Ces acquis se consolident dans les années 2000, notamment dans les professions les plus
anciennement féminisées. Cette large fresque optimiste conduit S. Schweitzer, filant la métaphore
architecturale, à parler de « dynamite » dans le plafond de verre : il explose de toutes parts et
ne concerne plus que les échelons les plus élevés de la hiérarchie socioprofessionnelle de ces
professions féminisées ainsi que certains bastions masculins.
Comme S. Schweitzer, B. de Gasquet, à travers l’exemple des mondes religieux, ou J. Acker
avec celui des entreprises privées, montrent qu’un contexte socioéconomique de modernisation,
porteur de changements, notamment dans les rapports hommes-femmes, a favorisé l’ouverture des
positions prestigieuses, traditionnellement masculines, aux femmes7 . Portée par des pionnières
exemplaires, soutenue par des mouvements féministes actifs, relayée par des acteurs décisionnaires tant au sein de chaque monde professionnel ou scolaire qu’au niveau du législateur, cette
dynamique de féminisation est liée à un contexte sociohistorique spécifique. Ainsi, dans les
mondes religieux, l’ordination comme prêtre, rabbin ou pasteur apparaît comme la « barrière »
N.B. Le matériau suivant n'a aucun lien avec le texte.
(* Let $g$ be a positive integer. There exists a large set of H-designs LH$(7,g,4,3)$ if and only if $g$ is even.
   Context: An H-design H$(n,g,k,t)$ is a triple $(Q,G,B)$ where $Q$ is a set of $ng$ points, $G$ is a partition of $Q$ into $n$ groups of size $g$, and $B$ is a set of $k$-subsets of $Q$ (blocks) such that each block meets each group in at most one point and any $t$ points from $t$ distinct groups lie in exactly one block. A large set of H-designs LH$(n,g,k,t)$ is a partition of the set of all $k$-subsets of $Q$ meeting each group of $G$ in at most one point into pairwise disjoint block sets, each of which forms (with $Q$ and $G$) an H-design H$(n,g,k,t)$. *)

theory Defs
  imports Main
begin

definition transversal :: "'a set set \<Rightarrow> 'a set \<Rightarrow> bool" where
  "transversal G S \<longleftrightarrow> (\<forall>X\<in>G. card (S \<inter> X) \<le> 1)"

definition trans_ksets :: "'a set \<Rightarrow> 'a set set \<Rightarrow> nat \<Rightarrow> 'a set set" where
  "trans_ksets Q G k = {S. S \<subseteq> Q \<and> card S = k \<and> transversal G S}"

definition group_partition :: "'a set \<Rightarrow> 'a set set \<Rightarrow> nat \<Rightarrow> nat \<Rightarrow> bool" where
  "group_partition Q G n g \<longleftrightarrow>
     \<Union>G = Q \<and> card G = n \<and> finite G \<and>
     (\<forall>X\<in>G. X \<noteq> {} \<and> finite X \<and> card X = g) \<and>
     (\<forall>X\<in>G. \<forall>Y\<in>G. X \<noteq> Y \<longrightarrow> X \<inter> Y = {})"

definition H_design :: "nat \<Rightarrow> nat \<Rightarrow> nat \<Rightarrow> nat \<Rightarrow> 'a set \<Rightarrow> 'a set set \<Rightarrow> 'a set set \<Rightarrow> bool" where
  "H_design n g k t Q G B \<longleftrightarrow>
     finite Q \<and> card Q = n * g \<and> group_partition Q G n g \<and>
     B \<subseteq> trans_ksets Q G k \<and>
     (\<forall>T \<in> trans_ksets Q G t. \<exists>!b. b \<in> B \<and> T \<subseteq> b)"

definition large_H_set :: "nat \<Rightarrow> nat \<Rightarrow> nat \<Rightarrow> nat \<Rightarrow> 'a set \<Rightarrow> 'a set set \<Rightarrow> 'a set set set \<Rightarrow> bool" where
  "large_H_set n g k t Q G L \<longleftrightarrow>
     finite Q \<and> card Q = n * g \<and> group_partition Q G n g \<and>
     \<Union>L = trans_ksets Q G k \<and>
     (\<forall>B1\<in>L. \<forall>B2\<in>L. B1 \<noteq> B2 \<longrightarrow> B1 \<inter> B2 = {}) \<and>
     (\<forall>B\<in>L. H_design n g k t Q G B)"

end

theory Submission
  imports Defs "HOL-Number_Theory.Cong"
begin

text \<open>Necessity: in an H(n,g,4,3) fix a transversal pair P. Every point whose group misses P lies,
  together with P, in exactly one block, and every block through P contains exactly two such points;
  so the (n-2)g points whose groups miss P come in pairs.

  Sufficiency for g = 2m: start from a large set LH(7,2,4,3), found by computer and encoded as a
  colouring of the transversal 4-subsets of 14 points with 8 colours such that the 8 one-point
  extensions of any transversal triple get 8 different colours. Replace every point by m copies and
  colour a 4-set by the colour of its projection together with the sum of its copy numbers mod m.
  For a transversal triple, the first component of the colour of an extension determines the
  projected new point and the second one its copy, so each of the 8m colour classes is an
  H(7,2m,4,3).\<close>

definition free_points :: "'a set \<Rightarrow> 'a set set \<Rightarrow> 'a set \<Rightarrow> 'a set" where
  "free_points Q G T = {p \<in> Q. \<forall>X\<in>G. p \<in> X \<longrightarrow> X \<inter> T = {}}"

lemma group_partitionD:
  assumes "group_partition Q G n g"
  shows "\<Union>G = Q" "finite G" "card G = n" "\<And>X. X \<in> G \<Longrightarrow> finite X"
    "\<And>X. X \<in> G \<Longrightarrow> card X = g" "pairwise disjnt G"
  using assms unfolding group_partition_def pairwise_def disjnt_def by simp_all

lemma group_partition_finite_card:
  assumes "group_partition Q G n g"
  shows "finite Q" and "card Q = n * g"
proof -
  note G = group_partitionD[OF assms]
  show "finite Q" using finite_Union[OF G(2)] G(1,4) by simp
  have "card Q = (\<Sum>X\<in>G. card X)"
    using card_Union_disjoint[OF G(6)] G(1,4) by simp
  then show "card Q = n * g" using G(3,5) by simp
qed

lemma transversal_iff:
  assumes "finite S"
  shows "transversal G S \<longleftrightarrow> (\<forall>X\<in>G. \<forall>p\<in>S \<inter> X. \<forall>q\<in>S \<inter> X. p = q)"
  using assms unfolding transversal_def by (auto simp: card_le_Suc0_iff_eq)

lemma trans_ksets_finite:
  assumes "group_partition Q G n g" "S \<in> trans_ksets Q G k"
  shows "finite S"
proof (rule finite_subset)
  show "S \<subseteq> Q" using assms(2) unfolding trans_ksets_def by simp
qed (rule group_partition_finite_card(1)[OF assms(1)])

lemma free_point_notin:
  assumes "group_partition Q G n g" "p \<in> free_points Q G T"
  shows "p \<notin> T"
proof -
  have p: "p \<in> Q" "\<forall>X\<in>G. p \<in> X \<longrightarrow> X \<inter> T = {}"
    using assms(2) unfolding free_points_def by simp_all
  then obtain X where "X \<in> G" "p \<in> X" using group_partitionD(1)[OF assms(1)] by blast
  then show ?thesis using p(2) by blast
qed

lemma insert_free_point_in_trans_ksets:
  assumes gp: "group_partition Q G n g" and T: "T \<in> trans_ksets Q G t"
    and p: "p \<in> free_points Q G T"
  shows "insert p T \<in> trans_ksets Q G (Suc t)"
proof -
  have fin: "finite T" using trans_ksets_finite[OF gp T] .
  have finp: "finite (insert p T)" using fin by simp
  have T': "transversal G T" "card T = t" "T \<subseteq> Q" using T unfolding trans_ksets_def by simp_all
  have p': "p \<notin> T" "p \<in> Q" "\<forall>X\<in>G. p \<in> X \<longrightarrow> X \<inter> T = {}"
    using free_point_notin[OF gp p] p unfolding free_points_def by simp_all
  have "\<forall>X\<in>G. \<forall>a\<in>insert p T \<inter> X. \<forall>b\<in>insert p T \<inter> X. a = b"
  proof (intro ballI)
    fix X a b assume "X \<in> G" "a \<in> insert p T \<inter> X" "b \<in> insert p T \<inter> X"
    then show "a = b"
      using T'(1) p'(3) unfolding transversal_iff[OF fin] by blast
  qed
  then have "transversal G (insert p T)" unfolding transversal_iff[OF finp] .
  then show ?thesis using T' p' fin unfolding trans_ksets_def by simp
qed

lemma trans_ksets_Suc_supsetE:
  assumes gp: "group_partition Q G n g" and T: "T \<in> trans_ksets Q G t"
    and b: "b \<in> trans_ksets Q G (Suc t)" "T \<subseteq> b"
  obtains p where "p \<in> free_points Q G T" "b = insert p T"
proof -
  have fin: "finite b" "finite T" using trans_ksets_finite gp T b(1) by blast+
  have "card (b - T) = 1"
    using b T fin unfolding trans_ksets_def by (simp add: card_Diff_subset)
  then obtain p where p: "b - T = {p}" by (rule card_1_singletonE)
  have "p \<in> Q" "transversal G b" using p b(1) unfolding trans_ksets_def by auto
  have "X \<inter> T = {}" if "X \<in> G" "p \<in> X" for X
  proof (rule ccontr)
    assume "X \<inter> T \<noteq> {}"
    then obtain q where "q \<in> X" "q \<in> T" by blast
    then have "p = q"
      using \<open>transversal G b\<close> that p b(2) unfolding transversal_iff[OF fin(1)] by blast
    then show False using p \<open>q \<in> T\<close> by blast
  qed
  then have "p \<in> free_points Q G T" using \<open>p \<in> Q\<close> unfolding free_points_def by blast
  moreover have "b = insert p T" using p b(2) by blast
  ultimately show thesis using that by blast
qed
à lever avant d’envisager l’idée même de carrière féminine au sein des différentes institutions
religieuses. Pour être menée à son terme, la levée de la « barrière » de l’ordination suppose
de nombreuses actions individuelles et collectives, sous l’impulsion d’associations féminines
religieuses actives, de pionnières déterminées et d’acteurs masculins favorables. La pénurie de
vocations ne joue que comme explication secondaire. De manière conjoncturelle, le manque de
clergé lié aux guerres a pu expliquer la décision d’ordonner les femmes, souvent avec un statut
asymétrique, comme c’est le cas pour les premières ordinations françaises en Alsace-Lorraine
dans l’entre-deux-guerres (Willaime, 1998), mais cela ne constitue pas une loi générale puisque les
catholiques en crise de vocations ne l’ont toujours pas accordée alors que les presbytériens, plutôt
7
Pour une analyse des controverses autour de cette féminisation sous la IIIe République (1880–1940), cf. l’ouvrage de
Juliette Rennes (2007).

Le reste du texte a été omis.